===== Provided data =====

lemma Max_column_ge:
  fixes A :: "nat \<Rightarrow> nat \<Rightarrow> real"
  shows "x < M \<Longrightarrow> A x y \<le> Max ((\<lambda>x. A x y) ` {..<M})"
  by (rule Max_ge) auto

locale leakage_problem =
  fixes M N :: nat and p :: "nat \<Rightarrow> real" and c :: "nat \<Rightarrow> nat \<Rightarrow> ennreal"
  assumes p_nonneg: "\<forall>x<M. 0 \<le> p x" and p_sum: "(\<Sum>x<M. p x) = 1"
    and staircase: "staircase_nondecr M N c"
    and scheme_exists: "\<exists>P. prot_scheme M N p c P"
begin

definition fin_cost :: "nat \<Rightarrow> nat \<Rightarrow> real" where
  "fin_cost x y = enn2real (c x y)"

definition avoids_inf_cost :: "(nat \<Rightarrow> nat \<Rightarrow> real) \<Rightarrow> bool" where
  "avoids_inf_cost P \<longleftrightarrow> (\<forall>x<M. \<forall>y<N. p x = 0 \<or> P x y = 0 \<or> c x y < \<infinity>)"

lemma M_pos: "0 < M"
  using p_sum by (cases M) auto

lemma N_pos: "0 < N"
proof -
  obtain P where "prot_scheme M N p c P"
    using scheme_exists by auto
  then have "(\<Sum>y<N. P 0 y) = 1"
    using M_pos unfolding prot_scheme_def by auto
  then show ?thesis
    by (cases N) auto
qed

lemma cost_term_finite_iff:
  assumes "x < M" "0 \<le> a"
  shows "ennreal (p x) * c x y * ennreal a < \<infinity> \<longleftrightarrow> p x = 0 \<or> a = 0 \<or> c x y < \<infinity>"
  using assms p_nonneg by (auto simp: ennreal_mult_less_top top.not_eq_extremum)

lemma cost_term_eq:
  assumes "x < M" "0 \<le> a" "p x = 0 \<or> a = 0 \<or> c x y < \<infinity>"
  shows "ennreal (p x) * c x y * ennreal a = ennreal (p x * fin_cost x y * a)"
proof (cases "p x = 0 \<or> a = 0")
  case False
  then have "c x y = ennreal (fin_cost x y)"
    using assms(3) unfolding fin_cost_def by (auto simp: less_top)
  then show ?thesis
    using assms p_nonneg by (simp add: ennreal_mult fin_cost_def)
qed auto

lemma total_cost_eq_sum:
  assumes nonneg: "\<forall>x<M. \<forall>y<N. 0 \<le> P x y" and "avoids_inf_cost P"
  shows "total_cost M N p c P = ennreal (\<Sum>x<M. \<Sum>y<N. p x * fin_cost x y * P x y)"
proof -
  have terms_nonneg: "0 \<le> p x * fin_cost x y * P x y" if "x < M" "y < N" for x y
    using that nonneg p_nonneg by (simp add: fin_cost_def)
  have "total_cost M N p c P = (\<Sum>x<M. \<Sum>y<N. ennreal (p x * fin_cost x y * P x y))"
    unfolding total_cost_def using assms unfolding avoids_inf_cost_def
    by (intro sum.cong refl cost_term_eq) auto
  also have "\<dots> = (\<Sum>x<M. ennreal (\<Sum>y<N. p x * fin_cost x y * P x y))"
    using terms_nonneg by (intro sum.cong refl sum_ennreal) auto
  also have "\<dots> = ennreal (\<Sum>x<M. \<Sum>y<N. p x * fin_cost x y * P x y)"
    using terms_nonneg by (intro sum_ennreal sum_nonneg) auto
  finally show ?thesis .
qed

=====
===== Provided data =====

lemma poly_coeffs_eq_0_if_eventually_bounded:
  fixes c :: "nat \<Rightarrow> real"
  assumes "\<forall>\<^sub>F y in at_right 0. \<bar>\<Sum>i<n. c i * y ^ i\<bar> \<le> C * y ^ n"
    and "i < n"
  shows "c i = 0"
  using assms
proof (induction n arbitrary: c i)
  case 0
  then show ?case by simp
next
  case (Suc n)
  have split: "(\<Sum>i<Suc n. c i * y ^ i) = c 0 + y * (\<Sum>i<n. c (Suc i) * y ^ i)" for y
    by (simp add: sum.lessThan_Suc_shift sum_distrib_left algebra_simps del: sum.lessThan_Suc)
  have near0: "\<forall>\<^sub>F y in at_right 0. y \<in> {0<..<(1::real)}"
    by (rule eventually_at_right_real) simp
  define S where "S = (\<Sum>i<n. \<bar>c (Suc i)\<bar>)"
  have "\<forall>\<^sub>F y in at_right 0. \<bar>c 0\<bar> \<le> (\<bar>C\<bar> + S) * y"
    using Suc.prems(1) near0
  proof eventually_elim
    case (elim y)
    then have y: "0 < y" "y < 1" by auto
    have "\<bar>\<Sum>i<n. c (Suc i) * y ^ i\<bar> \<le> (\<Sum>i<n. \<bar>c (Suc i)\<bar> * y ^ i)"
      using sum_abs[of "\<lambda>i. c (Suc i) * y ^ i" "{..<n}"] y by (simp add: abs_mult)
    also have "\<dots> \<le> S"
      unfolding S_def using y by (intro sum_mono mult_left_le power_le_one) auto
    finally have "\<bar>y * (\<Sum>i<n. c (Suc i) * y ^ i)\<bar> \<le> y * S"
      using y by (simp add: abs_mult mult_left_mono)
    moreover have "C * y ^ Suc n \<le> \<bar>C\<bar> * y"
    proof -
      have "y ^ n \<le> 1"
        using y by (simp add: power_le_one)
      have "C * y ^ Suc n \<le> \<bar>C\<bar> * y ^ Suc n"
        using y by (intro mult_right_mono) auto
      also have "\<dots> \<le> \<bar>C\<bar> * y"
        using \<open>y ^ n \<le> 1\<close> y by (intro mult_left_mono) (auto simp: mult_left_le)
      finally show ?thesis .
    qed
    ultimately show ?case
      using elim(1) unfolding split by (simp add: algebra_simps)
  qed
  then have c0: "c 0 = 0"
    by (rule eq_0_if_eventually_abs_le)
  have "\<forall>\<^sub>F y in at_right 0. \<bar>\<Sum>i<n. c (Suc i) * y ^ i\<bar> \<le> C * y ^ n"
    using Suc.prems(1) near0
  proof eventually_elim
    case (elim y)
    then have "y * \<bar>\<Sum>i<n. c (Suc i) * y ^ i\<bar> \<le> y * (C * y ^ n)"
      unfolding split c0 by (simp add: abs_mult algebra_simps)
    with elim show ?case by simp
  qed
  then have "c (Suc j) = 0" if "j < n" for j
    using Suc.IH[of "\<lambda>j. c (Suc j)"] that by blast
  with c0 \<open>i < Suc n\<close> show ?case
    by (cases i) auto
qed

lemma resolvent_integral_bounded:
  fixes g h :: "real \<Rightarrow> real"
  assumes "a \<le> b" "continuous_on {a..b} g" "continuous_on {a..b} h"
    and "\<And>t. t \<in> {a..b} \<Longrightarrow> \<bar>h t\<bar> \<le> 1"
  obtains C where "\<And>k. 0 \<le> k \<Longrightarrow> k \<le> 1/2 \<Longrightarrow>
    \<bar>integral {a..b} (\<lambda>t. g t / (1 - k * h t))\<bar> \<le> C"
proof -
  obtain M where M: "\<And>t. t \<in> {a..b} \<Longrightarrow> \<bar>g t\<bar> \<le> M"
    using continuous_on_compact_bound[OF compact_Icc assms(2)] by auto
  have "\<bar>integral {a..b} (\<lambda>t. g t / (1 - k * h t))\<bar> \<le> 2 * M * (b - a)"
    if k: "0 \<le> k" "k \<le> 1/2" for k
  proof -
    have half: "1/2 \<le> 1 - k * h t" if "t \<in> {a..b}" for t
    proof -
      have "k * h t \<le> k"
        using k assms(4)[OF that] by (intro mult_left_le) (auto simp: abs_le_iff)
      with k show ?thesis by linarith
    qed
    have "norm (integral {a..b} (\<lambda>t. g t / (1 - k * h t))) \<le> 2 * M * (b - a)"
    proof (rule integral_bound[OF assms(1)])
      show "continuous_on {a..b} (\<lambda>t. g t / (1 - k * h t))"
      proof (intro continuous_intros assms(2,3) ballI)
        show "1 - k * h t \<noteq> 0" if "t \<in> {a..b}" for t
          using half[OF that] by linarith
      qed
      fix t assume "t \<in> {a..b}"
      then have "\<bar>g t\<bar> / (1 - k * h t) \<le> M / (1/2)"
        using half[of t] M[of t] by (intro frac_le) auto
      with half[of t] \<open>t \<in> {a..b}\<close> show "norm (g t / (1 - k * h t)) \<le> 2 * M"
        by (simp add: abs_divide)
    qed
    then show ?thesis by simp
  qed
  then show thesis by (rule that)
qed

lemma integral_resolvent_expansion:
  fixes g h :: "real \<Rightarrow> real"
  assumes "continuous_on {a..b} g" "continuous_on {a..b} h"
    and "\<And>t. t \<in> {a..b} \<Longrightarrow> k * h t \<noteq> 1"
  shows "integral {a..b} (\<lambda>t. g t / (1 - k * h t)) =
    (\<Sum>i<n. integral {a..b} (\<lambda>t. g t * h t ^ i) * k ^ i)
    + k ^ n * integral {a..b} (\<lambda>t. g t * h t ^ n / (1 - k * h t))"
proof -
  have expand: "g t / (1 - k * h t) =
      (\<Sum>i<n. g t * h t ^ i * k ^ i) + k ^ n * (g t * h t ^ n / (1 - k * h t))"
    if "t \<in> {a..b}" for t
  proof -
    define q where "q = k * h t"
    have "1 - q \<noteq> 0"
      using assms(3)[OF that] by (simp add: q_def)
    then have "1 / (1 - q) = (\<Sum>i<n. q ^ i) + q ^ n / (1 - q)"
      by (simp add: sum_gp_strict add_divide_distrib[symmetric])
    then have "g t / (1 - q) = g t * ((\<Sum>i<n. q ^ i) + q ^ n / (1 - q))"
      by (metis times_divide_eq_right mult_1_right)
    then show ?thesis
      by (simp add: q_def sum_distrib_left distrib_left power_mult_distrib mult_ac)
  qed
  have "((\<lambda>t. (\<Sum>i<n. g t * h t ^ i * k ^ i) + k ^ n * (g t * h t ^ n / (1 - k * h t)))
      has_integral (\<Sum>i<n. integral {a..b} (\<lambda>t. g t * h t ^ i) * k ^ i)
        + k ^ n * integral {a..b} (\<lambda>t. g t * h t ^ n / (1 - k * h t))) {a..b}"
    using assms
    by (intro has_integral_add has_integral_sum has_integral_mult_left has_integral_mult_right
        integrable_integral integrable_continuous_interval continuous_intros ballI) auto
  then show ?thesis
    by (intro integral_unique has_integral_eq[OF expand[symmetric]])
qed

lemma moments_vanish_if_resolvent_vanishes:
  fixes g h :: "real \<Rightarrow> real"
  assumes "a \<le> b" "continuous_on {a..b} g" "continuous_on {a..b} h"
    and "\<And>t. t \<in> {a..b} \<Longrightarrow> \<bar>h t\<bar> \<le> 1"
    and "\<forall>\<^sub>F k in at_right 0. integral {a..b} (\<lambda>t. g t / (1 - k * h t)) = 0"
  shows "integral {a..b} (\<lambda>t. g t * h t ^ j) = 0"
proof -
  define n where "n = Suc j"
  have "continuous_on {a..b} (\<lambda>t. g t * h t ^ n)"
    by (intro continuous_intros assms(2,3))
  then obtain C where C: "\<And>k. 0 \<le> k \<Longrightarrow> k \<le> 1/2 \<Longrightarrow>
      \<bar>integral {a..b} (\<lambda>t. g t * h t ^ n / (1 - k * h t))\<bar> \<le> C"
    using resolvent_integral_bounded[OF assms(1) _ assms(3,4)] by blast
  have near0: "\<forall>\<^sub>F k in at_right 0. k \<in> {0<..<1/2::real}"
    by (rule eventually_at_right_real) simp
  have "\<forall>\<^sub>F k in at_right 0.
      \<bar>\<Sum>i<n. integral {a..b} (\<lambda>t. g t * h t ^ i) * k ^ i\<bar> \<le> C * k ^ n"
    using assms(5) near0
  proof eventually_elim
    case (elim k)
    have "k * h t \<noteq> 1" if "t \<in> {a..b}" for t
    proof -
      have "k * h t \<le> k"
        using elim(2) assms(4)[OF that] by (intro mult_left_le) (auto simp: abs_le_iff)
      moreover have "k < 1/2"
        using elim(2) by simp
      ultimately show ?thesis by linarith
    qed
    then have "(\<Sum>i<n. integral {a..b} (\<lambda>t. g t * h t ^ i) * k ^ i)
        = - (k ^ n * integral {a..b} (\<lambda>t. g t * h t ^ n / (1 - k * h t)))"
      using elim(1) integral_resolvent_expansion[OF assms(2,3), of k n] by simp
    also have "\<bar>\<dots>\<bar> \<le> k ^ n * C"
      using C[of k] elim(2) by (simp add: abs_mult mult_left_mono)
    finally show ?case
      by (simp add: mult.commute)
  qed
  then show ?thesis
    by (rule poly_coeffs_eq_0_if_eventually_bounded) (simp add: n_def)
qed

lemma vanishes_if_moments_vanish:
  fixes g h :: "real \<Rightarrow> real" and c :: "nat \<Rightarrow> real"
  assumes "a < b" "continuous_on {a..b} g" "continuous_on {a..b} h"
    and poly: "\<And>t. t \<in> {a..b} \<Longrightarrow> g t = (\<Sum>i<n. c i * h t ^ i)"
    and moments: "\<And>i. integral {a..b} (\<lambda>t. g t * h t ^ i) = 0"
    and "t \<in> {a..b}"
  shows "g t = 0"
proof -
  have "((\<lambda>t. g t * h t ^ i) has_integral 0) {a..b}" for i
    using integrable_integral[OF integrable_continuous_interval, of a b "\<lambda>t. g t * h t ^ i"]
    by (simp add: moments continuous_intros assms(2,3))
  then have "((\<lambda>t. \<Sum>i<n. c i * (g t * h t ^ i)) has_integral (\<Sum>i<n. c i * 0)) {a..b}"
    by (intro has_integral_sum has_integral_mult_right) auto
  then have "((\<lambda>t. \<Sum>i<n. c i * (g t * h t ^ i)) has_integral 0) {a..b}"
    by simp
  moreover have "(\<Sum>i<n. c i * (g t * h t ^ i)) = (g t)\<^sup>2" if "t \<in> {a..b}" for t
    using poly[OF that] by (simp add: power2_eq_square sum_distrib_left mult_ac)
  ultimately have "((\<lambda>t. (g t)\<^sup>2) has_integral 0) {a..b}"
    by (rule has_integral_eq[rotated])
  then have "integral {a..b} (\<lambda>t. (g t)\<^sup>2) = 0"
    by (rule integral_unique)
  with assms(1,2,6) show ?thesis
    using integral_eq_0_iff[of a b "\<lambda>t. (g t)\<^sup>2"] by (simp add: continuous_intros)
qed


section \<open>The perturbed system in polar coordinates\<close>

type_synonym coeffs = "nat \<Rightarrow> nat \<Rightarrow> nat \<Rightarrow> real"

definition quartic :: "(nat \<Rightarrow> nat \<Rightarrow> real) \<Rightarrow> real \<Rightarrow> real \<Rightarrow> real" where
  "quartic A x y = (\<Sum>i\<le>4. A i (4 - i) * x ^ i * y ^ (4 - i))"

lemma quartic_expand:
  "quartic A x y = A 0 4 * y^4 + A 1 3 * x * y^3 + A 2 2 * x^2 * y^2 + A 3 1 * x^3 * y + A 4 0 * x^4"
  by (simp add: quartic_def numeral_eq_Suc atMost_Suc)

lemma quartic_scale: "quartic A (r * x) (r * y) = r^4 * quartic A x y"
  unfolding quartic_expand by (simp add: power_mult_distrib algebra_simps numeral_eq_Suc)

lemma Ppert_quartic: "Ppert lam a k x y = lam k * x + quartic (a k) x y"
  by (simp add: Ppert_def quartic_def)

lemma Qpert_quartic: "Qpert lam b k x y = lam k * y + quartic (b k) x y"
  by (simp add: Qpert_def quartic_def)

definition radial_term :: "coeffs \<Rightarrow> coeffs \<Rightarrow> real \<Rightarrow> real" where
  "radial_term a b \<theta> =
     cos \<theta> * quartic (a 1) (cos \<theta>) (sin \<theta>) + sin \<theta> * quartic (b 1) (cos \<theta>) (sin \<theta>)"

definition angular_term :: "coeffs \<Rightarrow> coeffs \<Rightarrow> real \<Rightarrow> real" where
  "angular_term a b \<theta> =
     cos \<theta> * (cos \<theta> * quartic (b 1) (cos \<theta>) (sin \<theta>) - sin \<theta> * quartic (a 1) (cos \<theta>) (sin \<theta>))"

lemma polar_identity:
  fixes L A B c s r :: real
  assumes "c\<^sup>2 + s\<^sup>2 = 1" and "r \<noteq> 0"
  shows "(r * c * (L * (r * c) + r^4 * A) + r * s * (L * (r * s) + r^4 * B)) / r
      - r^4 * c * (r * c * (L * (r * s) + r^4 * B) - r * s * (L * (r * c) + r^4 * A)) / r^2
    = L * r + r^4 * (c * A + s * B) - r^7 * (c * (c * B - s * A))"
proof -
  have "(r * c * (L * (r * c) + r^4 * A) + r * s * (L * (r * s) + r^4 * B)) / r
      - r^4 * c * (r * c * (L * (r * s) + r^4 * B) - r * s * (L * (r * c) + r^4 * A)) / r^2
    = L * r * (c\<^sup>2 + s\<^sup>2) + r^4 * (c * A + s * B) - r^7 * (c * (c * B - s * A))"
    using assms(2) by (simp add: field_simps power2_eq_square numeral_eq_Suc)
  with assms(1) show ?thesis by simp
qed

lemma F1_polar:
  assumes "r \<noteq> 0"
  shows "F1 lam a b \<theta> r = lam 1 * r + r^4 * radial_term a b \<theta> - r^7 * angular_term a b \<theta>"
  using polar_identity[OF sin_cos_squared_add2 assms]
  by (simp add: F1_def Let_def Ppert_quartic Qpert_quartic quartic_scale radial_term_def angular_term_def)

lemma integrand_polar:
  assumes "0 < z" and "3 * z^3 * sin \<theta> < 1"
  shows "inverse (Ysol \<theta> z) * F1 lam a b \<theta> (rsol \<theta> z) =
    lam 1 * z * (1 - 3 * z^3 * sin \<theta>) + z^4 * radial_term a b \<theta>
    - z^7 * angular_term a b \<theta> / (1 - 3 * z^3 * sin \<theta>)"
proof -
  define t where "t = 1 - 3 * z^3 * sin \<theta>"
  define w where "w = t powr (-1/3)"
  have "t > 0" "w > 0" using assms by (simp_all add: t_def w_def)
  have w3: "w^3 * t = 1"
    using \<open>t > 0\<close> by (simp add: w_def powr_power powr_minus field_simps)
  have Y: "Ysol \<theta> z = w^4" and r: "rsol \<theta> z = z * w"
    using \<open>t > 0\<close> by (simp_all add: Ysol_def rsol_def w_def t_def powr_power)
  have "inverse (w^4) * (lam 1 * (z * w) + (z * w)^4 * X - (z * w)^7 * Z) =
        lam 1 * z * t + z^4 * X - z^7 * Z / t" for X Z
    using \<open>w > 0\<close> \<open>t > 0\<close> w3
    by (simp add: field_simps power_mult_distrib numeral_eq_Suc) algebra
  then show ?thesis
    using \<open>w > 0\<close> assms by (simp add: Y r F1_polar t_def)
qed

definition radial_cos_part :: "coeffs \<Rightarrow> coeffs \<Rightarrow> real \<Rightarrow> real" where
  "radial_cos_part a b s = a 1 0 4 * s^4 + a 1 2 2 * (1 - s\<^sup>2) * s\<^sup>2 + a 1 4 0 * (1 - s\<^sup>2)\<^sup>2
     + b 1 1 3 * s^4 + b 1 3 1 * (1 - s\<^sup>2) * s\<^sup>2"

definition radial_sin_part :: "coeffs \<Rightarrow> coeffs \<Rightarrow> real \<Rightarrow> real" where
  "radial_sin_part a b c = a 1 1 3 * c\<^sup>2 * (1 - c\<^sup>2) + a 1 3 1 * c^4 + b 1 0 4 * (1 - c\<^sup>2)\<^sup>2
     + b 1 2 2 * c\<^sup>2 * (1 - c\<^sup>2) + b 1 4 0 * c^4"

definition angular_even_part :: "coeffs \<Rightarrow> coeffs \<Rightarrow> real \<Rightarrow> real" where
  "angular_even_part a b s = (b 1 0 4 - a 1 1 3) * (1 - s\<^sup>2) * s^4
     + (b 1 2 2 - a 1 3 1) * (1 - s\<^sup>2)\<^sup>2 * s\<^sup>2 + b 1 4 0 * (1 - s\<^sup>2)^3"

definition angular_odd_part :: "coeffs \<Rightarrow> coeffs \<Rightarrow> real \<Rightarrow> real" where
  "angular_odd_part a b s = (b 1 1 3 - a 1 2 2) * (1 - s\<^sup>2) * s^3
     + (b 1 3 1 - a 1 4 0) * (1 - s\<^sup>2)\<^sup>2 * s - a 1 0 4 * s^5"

=====

> **Your assignment**: In the entries above, how many lines include the word "inverse"? Only the number should be given.

> **Response box**: 2